Records excerpted from a collection:

(* Since p = 3 or 5 (mod 8), 2 is a non-square mod p and F_p(sqrt 2) is the field of order p^2.
   In G = PSL(2,p^2) take x = U(1), y = U(sqrt 2) (upper unitriangular) and w = [[0,1],[-1,0]].
   Conjugating <x, y>, the whole upper unitriangular group, by w gives the lower one, so x, y, w
   generate G. Each of them avoids a proper subgroup containing the other two: x avoids the
   conjugate of PGL(2,p) by diag(sqrt 2, 1), y avoids PSL(2,p), and w avoids the upper triangular
   Borel subgroup. Hence (x, y, w) is irredundant, of maximal length 3 by hypothesis. The element
   diag(2, 1/2) lies in all three subgroups, so substituting it for any entry of (x, y, w) yields a
   sequence contained in a proper subgroup. *)

lemma two_not_QuadRes_nat:
  fixes q :: nat
  assumes q: "Factorial_Ring.prime q" "q mod 8 = 3 \<or> q mod 8 = 5"
  shows "\<not> QuadRes (int q) 2"
proof -
  have q2: "2 < q" using prime_ge_2_nat[OF q(1)] q(2) by (cases "q = 2") auto
  have "\<not> int q dvd 2" using q2 by (auto dest: zdvd_imp_le)
  then have n2: "[2 \<noteq> 0] (mod int q)" by (simp add: cong_0_iff)
  interpret GAUSS q 2
    by unfold_locales (use q(1) q2 n2 in auto)
  define h where "h = (int q - 1) div 2"
  have C: "C = (\<lambda>x. x * 2) ` A"
  proof -
    have "\<And>x. x \<in> A \<Longrightarrow> (x * 2) mod int q = x * 2"
      using q2 by (auto simp: A_def)
    then show ?thesis unfolding C_def B_def image_image by (rule image_cong[OF refl])
  qed
  have E: "E = (\<lambda>x. x * 2) ` {h div 2 <.. h}"
  proof -
    have "E = (\<lambda>x. x * 2) ` {x \<in> A. h < x * 2}"
      unfolding E_def C h_def by auto
    also have "{x \<in> A. h < x * 2} = {h div 2 <.. h}"
      unfolding A_def h_def by (auto; presburger)
    finally show ?thesis .
  qed
  have card_E: "card E = nat (h - h div 2)"
    unfolding E by (subst card_image) (auto simp: inj_on_def)
  have "int q = 8 * int (q div 8) + 3 \<or> int q = 8 * int (q div 8) + 5"
    using q(2) by presburger
  then have "odd (h - h div 2)" unfolding h_def by presburger
  moreover have "h - h div 2 \<ge> 0" unfolding h_def by auto
  ultimately have "odd (card E)" unfolding card_E by (simp add: even_nat_iff)
  then have "Legendre 2 (int q) = -1" using gauss_lemma by simp
  then show ?thesis unfolding Legendre_def by (auto split: if_splits)
qed

lemma two_not_QuadRes:
  fixes p :: int
  assumes "Factorial_Ring.prime p" "p mod 8 = 3 \<or> p mod 8 = 5"
  shows "\<not> QuadRes p 2"
proof -
  have p0: "p \<ge> 0" using assms(1) by (simp add: prime_ge_0_int)
  have "nat p mod 8 = 3 \<or> nat p mod 8 = 5"
    using assms(2) p0 by (metis nat_mod_distrib nat_numeral zero_le_numeral nat_one_as_int)
  then show ?thesis using two_not_QuadRes_nat[of "nat p"] assms(1) p0 by simp
qed

lemma norm_sqrt2_not_dvd:
  fixes p a b :: int
  assumes p: "Factorial_Ring.prime p" "\<not> QuadRes p 2" and ab: "\<not> (p dvd a \<and> p dvd b)"
  shows "\<not> p dvd a * a - 2 * b * b"
proof
  assume d: "p dvd a * a - 2 * b * b"
  show False
  proof (cases "p dvd b")
    case True
    then have "p dvd 2 * b * b" by simp
    then have "p dvd (a * a - 2 * b * b) + 2 * b * b" using d by (rule dvd_add[rotated])
    then have "p dvd a * a" by simp
    then show False using ab True p(1) by (simp add: prime_dvd_mult_iff)
  next
    case False
    then have "coprime b p" using prime_imp_coprime[OF p(1)] by (simp add: coprime_commute)
    then obtain b' where b': "[b * b' = 1] (mod p)" using cong_solve_coprime_int by blast
    have "[a * a = 2 * b * b] (mod p)" using d by (simp add: cong_iff_dvd_diff)
    then have "[(a * a) * (b' * b') = (2 * b * b) * (b' * b')] (mod p)" by (rule cong_mult) simp
    then have "[(a * b') ^ 2 = 2 * (b * b') * (b * b')] (mod p)"
      by (simp add: power2_eq_square ac_simps)
    also have "[2 * (b * b') * (b * b') = 2 * 1 * 1] (mod p)" by (intro cong_mult cong_refl b')
    finally show False using p(2) unfolding QuadRes_def by auto
  qed
qed

section \<open>Sequences separated by subgroups\<close>

lemma set_list_update_subset_others:
  "set (s[i := g]) \<subseteq> insert g {s ! j |j. j < length s \<and> j \<noteq> i}"
proof
  fix x assume "x \<in> set (s[i := g])"
  then obtain k where "k < length s" "x = s[i := g] ! k" by (auto simp: in_set_conv_nth)
  then show "x \<in> insert g {s ! j |j. j < length s \<and> j \<noteq> i}"
    by (cases "k = i") auto
qed

lemma (in group) irredundant_gen_seq_if_separated:
  assumes "set s \<subseteq> carrier G" "generate G (set s) = carrier G"
    and "\<And>i. i < length s \<Longrightarrow> subgroup (K i) G"
    and "\<And>i. i < length s \<Longrightarrow> s ! i \<notin> K i"
    and "\<And>i. i < length s \<Longrightarrow> {s ! j |j. j < length s \<and> j \<noteq> i} \<subseteq> K i"
  shows "irredundant_gen_seq G s"
proof -
  have "s ! i \<notin> generate G {s ! j |j. j < length s \<and> j \<noteq> i}" if "i < length s" for i
    using generate_subgroup_incl[OF assms(5,3)] assms(4) that by blast
  then show ?thesis using assms(1,2) unfolding irredundant_gen_seq_def by blast
qed

lemma (in group) not_seq_replacement_property_if_separated:
  assumes "set s \<subseteq> carrier G" "g \<in> carrier G" "g \<noteq> \<one>"
    and "\<And>i. i < length s \<Longrightarrow> subgroup (K i) G"
    and "\<And>i. i < length s \<Longrightarrow> s ! i \<notin> K i"
    and "\<And>i. i < length s \<Longrightarrow> {s ! j |j. j < length s \<and> j \<noteq> i} \<subseteq> K i"
    and "\<And>i. i < length s \<Longrightarrow> g \<in> K i"
  shows "\<not> seq_replacement_property G s"
proof -
  have "generate G (set (s[i := g])) \<noteq> carrier G" if i: "i < length s" for i
  proof -
    have "set (s[i := g]) \<subseteq> K i"
      using set_list_update_subset_others[of s i g] assms(6,7)[OF i] by blast
    then have "generate G (set (s[i := g])) \<subseteq> K i"
      using generate_subgroup_incl assms(4)[OF i] by blast
    moreover have "s ! i \<in> carrier G" using assms(1) i by auto
    ultimately show ?thesis using assms(5)[OF i] by blast
  qed
  then show ?thesis using assms(2,3) unfolding seq_replacement_property_def by blast
qed

lemma (in group) separated_gen_seq_fails_replacement:
  assumes "set s \<subseteq> carrier G" "generate G (set s) = carrier G" "length s = max_irr_len G"
    and "g \<in> carrier G" "g \<noteq> \<one>"
    and "\<And>i. i < length s \<Longrightarrow> subgroup (K i) G"
    and "\<And>i. i < length s \<Longrightarrow> s ! i \<notin> K i"
    and "\<And>i. i < length s \<Longrightarrow> {s ! j |j. j < length s \<and> j \<noteq> i} \<subseteq> K i"
    and "\<And>i. i < length s \<Longrightarrow> g \<in> K i"
  shows "\<not> replacement_property G"
proof -
  have "irredundant_gen_seq G s"
    using irredundant_gen_seq_if_separated[OF assms(1,2,6,7,8)] by blast
  moreover have "\<not> seq_replacement_property G s"
    using not_seq_replacement_property_if_separated[OF assms(1,4-9)] by blast
  ultimately show ?thesis using assms(3) unfolding replacement_property_def by blast
qed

- What you have to do -
Each line above from the one with "generate G. Each" up to and including the one with "Borel subgroup. Hence" must be set down exactly, and no line outside that span may appear.

- Answer to the problem -
   generate G. Each of them avoids a proper subgroup containing the other two: x avoids the
   conjugate of PGL(2,p) by diag(sqrt 2, 1), y avoids PSL(2,p), and w avoids the upper triangular
   Borel subgroup. Hence (x, y, w) is irredundant, of maximal length 3 by hypothesis. The element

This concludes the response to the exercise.